フグを取り扱うには免許取得が必要ですが、生肉や生魚の取り扱いに決まりはありません。普段から生の食材の状態を見て適切な調理を施しながら目利き力を養ってきたのだと思います。歴史に学び、先輩を真似て伝承されてきたおかげで、塩や酢や麹などの天然素材を使った保存技術が進歩したのも和食の特徴。だから、中心温度75度で1分間加熱という食品衛生法から外れていても、何ら問題のない調理法が共存できているのです。


「職人なんて雇ってちゃ店なんてできないよ」という現代は、科学された手法を頼りに簡単に店を出せる時代です。飲食業は、調理師免許がなくても「食品衛生責任者」の資格があれば開業が可能。ゆえに、ボロを出す人がいても不思議ではないのかもしれません。いや、コトを衛生管理に集約するのではなく、店の個性として目利き力の高さの証左がレバ刺し、と言える店も多かったのではないでしょうか。そう思うと、仕入れルートに奔走し、きちんと状態管理を行なってきたお店を思うと切ないのです。

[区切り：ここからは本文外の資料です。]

lemma compact_bowtie: "compact bowtie"
proof -
  have "bowtie \<subseteq> cball 0 1" using bowtie_Un_gap by blast
  then show ?thesis
    using closed_bowtie by (metis bounded_cball bounded_subset compact_eq_bounded_closed)
qed

definition quarter_disc :: "real \<Rightarrow> (real^2) set" where
  "quarter_disc s = {x. norm x \<le> 1 \<and> 0 \<le> s * x$1 \<and> 0 \<le> s * x$2}"

lemma bowtie_eq_quarter_discs: "bowtie = quarter_disc 1 \<union> quarter_disc (-1)"
  by (auto simp: bowtie_def quarter_disc_def zero_le_mult_iff)

lemma closed_quarter_disc: "closed (quarter_disc s)"
  unfolding quarter_disc_def by (intro closed_Collect_conj closed_Collect_le continuous_intros)

lemma convex_quarter_disc: "convex (quarter_disc s)"
proof -
  have "quarter_disc s = cball 0 1 \<inter> {x. 0 \<le> s * x$1} \<inter> {x. 0 \<le> s * x$2}"
    by (auto simp: quarter_disc_def)
  moreover have "convex {x::real^2. 0 \<le> s * x$i}" for i
    unfolding convex_def by (auto simp: algebra_simps)
  ultimately show ?thesis by (metis convex_Int convex_cball)
qed

lemma connected_bowtie: "connected bowtie"
  unfolding bowtie_eq_quarter_discs
proof (intro connected_Un convex_connected convex_quarter_disc)
  have "0 \<in> quarter_disc 1 \<inter> quarter_disc (-1)" by (simp add: quarter_disc_def)
  then show "quarter_disc 1 \<inter> quarter_disc (-1) \<noteq> {}" by blast
qed

lemma diagonal_point_in_interior_quarter_disc:
  assumes "s \<noteq> 0" "\<bar>s\<bar> \<le> 1"
  shows "(s / 4) *\<^sub>R (axis 1 1 + axis 2 1) \<in> interior (quarter_disc s)"
proof (rule interior_maximal[THEN subsetD])
  let ?U = "{x::real^2. norm x < 1 \<and> 0 < s * x$1 \<and> 0 < s * x$2}"
  show "open ?U" by (intro open_Collect_conj open_Collect_less continuous_intros)
  show "?U \<subseteq> quarter_disc s" by (auto simp: quarter_disc_def)
  have "norm (axis 1 1 + axis 2 1 :: real^2) \<le> 2"
    using norm_triangle_ineq[of "axis 1 1 :: real^2" "axis 2 1"] by simp
  then have "norm ((s / 4) *\<^sub>R (axis 1 1 + axis 2 1 :: real^2)) \<le> 1 / 2"
    using assms(2) mult_mono[of "\<bar>s\<bar>" 1 "norm (axis 1 1 + axis 2 1 :: real^2)" 2] by simp
  then show "(s / 4) *\<^sub>R (axis 1 1 + axis 2 1) \<in> ?U"
    using assms(1) by (auto simp: axis_def zero_less_mult_iff linorder_neq_iff)
qed

lemma not_connected_interior_bowtie: "\<not> connected (interior bowtie)"
proof
  assume "connected (interior bowtie)"
  let ?d = "axis 1 1 + axis 2 1 :: real^2"
  have diagonal: "(s / 4) *\<^sub>R ?d \<in> interior bowtie" if "s = 1 \<or> s = -1" for s
    using diagonal_point_in_interior_quarter_disc[of s] that
      interior_mono[of "quarter_disc s" bowtie] by (auto simp: bowtie_eq_quarter_discs)
  have "?d \<bullet> ?d = 2" by (simp add: inner_axis_axis inner_add_left inner_add_right)
  then obtain z where z: "z \<in> interior bowtie" "?d \<bullet> z = 0"
    using connected_ivt_hyperplane[OF \<open>connected (interior bowtie)\<close> diagonal diagonal, of "-1" 1 ?d 0]
    by auto
  then have "z \<in> bowtie" using interior_subset by blast
  with z(2) have "z = 0"
    by (auto simp: bowtie_def inner_add_left inner_axis' vec_eq_iff forall_2 zero_le_mult_iff)
  moreover have "0 \<notin> interior bowtie"
  proof
    assume "0 \<in> interior bowtie"
    then obtain e where "e > 0" "ball 0 e \<subseteq> bowtie" by (meson mem_interior)
    define p where "p = (e / 4) *\<^sub>R (axis 1 1 - axis 2 1 :: real^2)"
    have "norm p < e"
      using \<open>e > 0\<close> norm_triangle_ineq4[of "axis 1 1 :: real^2" "axis 2 1"] by (simp add: p_def)
    then have "p \<in> bowtie" using \<open>ball 0 e \<subseteq> bowtie\<close> by auto
    moreover have "p$1 * p$2 < 0" using \<open>e > 0\<close> by (simp add: p_def axis_def)
    ultimately show False by (simp add: bowtie_def)
  qed
  ultimately show False using z(1) by simp
qed
(* Let $\{\varphi_n\}_{n\ge1}$ be an orthonormal system on $[0,1]$ and let $\{d_n\}$ be a sequence of real numbers with $d_n=O\!\left(\frac{\sqrt{n}}{\log^2(n+1)}\right)$. For a real sequence $b=\{b_n\}\in \ell_2$ put $$Q_n(d,b,x)=\sum_{k=1}^{n} d_k b_k \log k\,\varphi_k(x),\qquad B_n(d,b)=\max_{1\le i<n}\left|\int_0^{i/n}Q_n(d,b,x)\,dx\right|,\qquad U_n(f)=\int_0^1 f(x)Q_n(d,b,x)\,dx.$$ If for some $b\in\ell_2$ one has $\limsup_{n\to\infty}B_n(d,b)=+\infty$, then there exists a function $g\in A$ such that $\limsup_{n\to\infty}|U_n(g)|=+\infty$.
   Context: $A$ denotes the Banach space of absolutely continuous functions on $[0,1]$ with norm $\|f\|_A=\|f\|_C+\int_0^1|f'(x)|\,dx$, where $\|f\|_C=\max_{x\in[0,1]}|f(x)|$. An orthonormal system on $[0,1]$ is a sequence of functions orthonormal in $L_2(0,1)$. $\log$ denotes the logarithm (so $\log 1=0$). *)

theory Defs
  imports "HOL-Analysis.Analysis"
begin

definition abs_cont_on :: "real \<Rightarrow> real \<Rightarrow> (real \<Rightarrow> real) \<Rightarrow> bool" where
  "abs_cont_on c d f \<longleftrightarrow>
     (\<forall>\<epsilon>>0. \<exists>\<delta>>0. \<forall>(n::nat) (a::nat \<Rightarrow> real) (b::nat \<Rightarrow> real).
        (\<forall>k<n. c \<le> a k \<and> a k \<le> b k \<and> b k \<le> d) \<and>
        (\<forall>k<n. \<forall>j<n. k \<noteq> j \<longrightarrow> b k \<le> a j \<or> b j \<le> a k) \<and>
        (\<Sum>k<n. b k - a k) < \<delta>
        \<longrightarrow> (\<Sum>k<n. \<bar>f (b k) - f (a k)\<bar>) < \<epsilon>)"

definition orthonormal_system :: "(nat \<Rightarrow> real \<Rightarrow> real) \<Rightarrow> bool" where
  "orthonormal_system \<phi> \<longleftrightarrow>
     (\<forall>n\<ge>1. \<phi> n \<in> borel_measurable (lebesgue_on {0..1})) \<and>
     (\<forall>i\<ge>1. \<forall>j\<ge>1. integrable (lebesgue_on {0..1}) (\<lambda>x. \<phi> i x * \<phi> j x) \<and>
        integral\<^sup>L (lebesgue_on {0..1}) (\<lambda>x. \<phi> i x * \<phi> j x) = (if i = j then 1 else 0))"

definition Qn :: "(nat \<Rightarrow> real) \<Rightarrow> (nat \<Rightarrow> real) \<Rightarrow> (nat \<Rightarrow> real \<Rightarrow> real) \<Rightarrow> nat \<Rightarrow> real \<Rightarrow> real" where
  "Qn d b \<phi> n x = (\<Sum>k=1..n. d k * b k * ln (real k) * \<phi> k x)"

text \<open>B_n = max over 1 <= i < n; for n < 2 the index set is empty and we put 0
  (irrelevant for the limsup).\<close>
definition Bn :: "(nat \<Rightarrow> real) \<Rightarrow> (nat \<Rightarrow> real) \<Rightarrow> (nat \<Rightarrow> real \<Rightarrow> real) \<Rightarrow> nat \<Rightarrow> real" where
  "Bn d b \<phi> n = (if n < 2 then 0 else
     Max ((\<lambda>i. \<bar>integral\<^sup>L (lebesgue_on {0..real i / real n}) (Qn d b \<phi> n)\<bar>) ` {1..<n}))"

definition Un_op :: "(nat \<Rightarrow> real) \<Rightarrow> (nat \<Rightarrow> real) \<Rightarrow> (nat \<Rightarrow> real \<Rightarrow> real) \<Rightarrow> nat \<Rightarrow> (real \<Rightarrow> real) \<Rightarrow> real" where
  "Un_op d b \<phi> n f = integral\<^sup>L (lebesgue_on {0..1}) (\<lambda>x. f x * Qn d b \<phi> n x)"

end

(*
  U_n(f) is integration against the integrable kernel Q_n, hence a functional of norm
  at most L_n = ||Q_n||_1 on bounded measurable functions. B_n is |U_n| at the indicator
  of some [0, t], and continuous piecewise linear ramps approximate these indicators in
  L_1(|Q_n|), so the values of |U_n| on ramps are unbounded. If U_n(g) were bounded for
  every absolutely continuous g, in particular for every finite combination of ramps,
  a gliding hump construction yields indices n_j, ramps w_j and weights
  0 < c_j <= 2^-(j+1) such that c_j |U_(n_j)(w_j)| exceeds
  j + 1 + |U_(n_j)(c_0 w_0 + ... + c_(j-1) w_(j-1))|, while the later weights are so
  small compared with L_(n_j) that the tail changes U_(n_j) by at most 1. The sum
  g = sum c_j w_j is absolutely continuous, since a ramp has variation at most 1 on every
  family of non-overlapping intervals, yet |U_(n_j)(g)| > j.
*)
theory Submission
  imports Defs
begin

section \<open>Absolute continuity\<close>

definition nonoverlapping_on ::
    "real \<Rightarrow> real \<Rightarrow> nat \<Rightarrow> (nat \<Rightarrow> real) \<Rightarrow> (nat \<Rightarrow> real) \<Rightarrow> bool" where
  "nonoverlapping_on c d n a b \<longleftrightarrow>
     (\<forall>k<n. c \<le> a k \<and> a k \<le> b k \<and> b k \<le> d) \<and>
     (\<forall>k<n. \<forall>j<n. k \<noteq> j \<longrightarrow> b k \<le> a j \<or> b j \<le> a k)"

lemma abs_cont_on_iff:
  "abs_cont_on c d f \<longleftrightarrow>
     (\<forall>\<epsilon>>0. \<exists>\<delta>>0. \<forall>n a b. nonoverlapping_on c d n a b \<and> (\<Sum>k<n. b k - a k) < \<delta>
        \<longrightarrow> (\<Sum>k<n. \<bar>f (b k) - f (a k)\<bar>) < \<epsilon>)"
  unfolding abs_cont_on_def nonoverlapping_on_def by (simp only: conj_assoc)

lemma abs_cont_onI:
  assumes "\<And>\<epsilon>. \<epsilon> > 0 \<Longrightarrow> \<exists>\<delta>>0. \<forall>n a b. nonoverlapping_on c d n a b \<and> (\<Sum>k<n. b k - a k) < \<delta>
             \<longrightarrow> (\<Sum>k<n. \<bar>f (b k) - f (a k)\<bar>) < \<epsilon>"
  shows "abs_cont_on c d f"
  unfolding abs_cont_on_iff by (intro allI impI assms)

lemma abs_cont_onE:
  assumes "abs_cont_on c d f" "\<epsilon> > 0"
  obtains \<delta> where "\<delta> > 0"
    "\<And>n a b. nonoverlapping_on c d n a b \<Longrightarrow> (\<Sum>k<n. b k - a k) < \<delta> \<Longrightarrow>
      (\<Sum>k<n. \<bar>f (b k) - f (a k)\<bar>) < \<epsilon>"
proof -
  from assms obtain \<delta> where "\<delta> > 0" and "\<forall>n a b. nonoverlapping_on c d n a b \<and> (\<Sum>k<n. b k - a k) < \<delta>
        \<longrightarrow> (\<Sum>k<n. \<bar>f (b k) - f (a k)\<bar>) < \<epsilon>"
    unfolding abs_cont_on_iff by auto
  then show thesis using that by auto
qed

lemma lipschitz_on_imp_abs_cont_on:
  assumes "L-lipschitz_on {c..d} f"
  shows "abs_cont_on c d f"
proof (rule abs_cont_onI)
  fix \<epsilon> :: real assume "\<epsilon> > 0"
  have L: "0 \<le> L" using assms by (rule lipschitz_on_nonneg)
  show "\<exists>\<delta>>0. \<forall>n a b. nonoverlapping_on c d n a b \<and> (\<Sum>k<n. b k - a k) < \<delta>
          \<longrightarrow> (\<Sum>k<n. \<bar>f (b k) - f (a k)\<bar>) < \<epsilon>"
  proof (intro exI[of _ "\<epsilon> / (L + 1)"] conjI allI impI)
    show "\<epsilon> / (L + 1) > 0" using \<open>\<epsilon> > 0\<close> L by simp
    fix n a b assume H: "nonoverlapping_on c d n a b \<and> (\<Sum>k<n. b k - a k) < \<epsilon> / (L + 1)"
    have "\<bar>f (b k) - f (a k)\<bar> \<le> L * (b k - a k)" if "k < n" for k
      using lipschitz_onD[OF assms, of "b k" "a k"] H that by (auto simp: nonoverlapping_on_def dist_real_def)
    then have "(\<Sum>k<n. \<bar>f (b k) - f (a k)\<bar>) \<le> (\<Sum>k<n. L * (b k - a k))"
      by (intro sum_mono) auto
    also have "\<dots> = L * (\<Sum>k<n. b k - a k)" by (simp add: sum_distrib_left)
    also have "\<dots> \<le> L * (\<epsilon> / (L + 1))" using H L by (intro mult_left_mono) auto
    also have "\<dots> < \<epsilon>" using L \<open>\<epsilon> > 0\<close> by (simp add: field_simps)
    finally show "(\<Sum>k<n. \<bar>f (b k) - f (a k)\<bar>) < \<epsilon>" .
  qed
qed

lemma abs_cont_on_add:
  assumes f: "abs_cont_on c d f" and g: "abs_cont_on c d g"
  shows "abs_cont_on c d (\<lambda>x. f x + g x)"
proof (rule abs_cont_onI)
  fix \<epsilon> :: real assume "\<epsilon> > 0"
  obtain \<delta>1 where \<delta>1: "\<delta>1 > 0" "\<And>n a b. nonoverlapping_on c d n a b \<Longrightarrow> (\<Sum>k<n. b k - a k) < \<delta>1
      \<Longrightarrow> (\<Sum>k<n. \<bar>f (b k) - f (a k)\<bar>) < \<epsilon> / 2"
    using abs_cont_onE[OF f, of "\<epsilon> / 2"] \<open>\<epsilon> > 0\<close> by auto
  obtain \<delta>2 where \<delta>2: "\<delta>2 > 0" "\<And>n a b. nonoverlapping_on c d n a b \<Longrightarrow> (\<Sum>k<n. b k - a k) < \<delta>2
      \<Longrightarrow> (\<Sum>k<n. \<bar>g (b k) - g (a k)\<bar>) < \<epsilon> / 2"
    using abs_cont_onE[OF g, of "\<epsilon> / 2"] \<open>\<epsilon> > 0\<close> by auto
  show "\<exists>\<delta>>0. \<forall>n a b. nonoverlapping_on c d n a b \<and> (\<Sum>k<n. b k - a k) < \<delta>
          \<longrightarrow> (\<Sum>k<n. \<bar>f (b k) + g (b k) - (f (a k) + g (a k))\<bar>) < \<epsilon>"
  proof (intro exI[of _ "min \<delta>1 \<delta>2"] conjI allI impI)
    fix n a b assume H: "nonoverlapping_on c d n a b \<and> (\<Sum>k<n. b k - a k) < min \<delta>1 \<delta>2"
    have "(\<Sum>k<n. \<bar>f (b k) + g (b k) - (f (a k) + g (a k))\<bar>)
        \<le> (\<Sum>k<n. \<bar>f (b k) - f (a k)\<bar>) + (\<Sum>k<n. \<bar>g (b k) - g (a k)\<bar>)"
      unfolding sum.distrib[symmetric] by (rule sum_mono) linarith
    also have "\<dots> < \<epsilon>" using H \<delta>1(2)[of n a b] \<delta>2(2)[of n a b] by simp
    finally show "(\<Sum>k<n. \<bar>f (b k) + g (b k) - (f (a k) + g (a k))\<bar>) < \<epsilon>" .
  qed (use \<delta>1 \<delta>2 in simp)
qed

食提供の根本は、食べる人を思う愛。今こそ、目の前のお客の状態を見て食材や調理方法を選んでくれた「目利きのオヤジ」がいた古き良き時代に学びたい。消費者保護を優先する法律ばかりに目が行き過ぎ、客の自己責任という考えが希薄になるのは考え物です。ハンバーガー食べ過ぎて太ったのは売る側の責任、というアホな論理が罷り通るような幼稚な国民にしちゃいけません。リスクを承知で食べていた時代が一番元気でワイルドだったぜぇ〜と回想したくないですもん、将来。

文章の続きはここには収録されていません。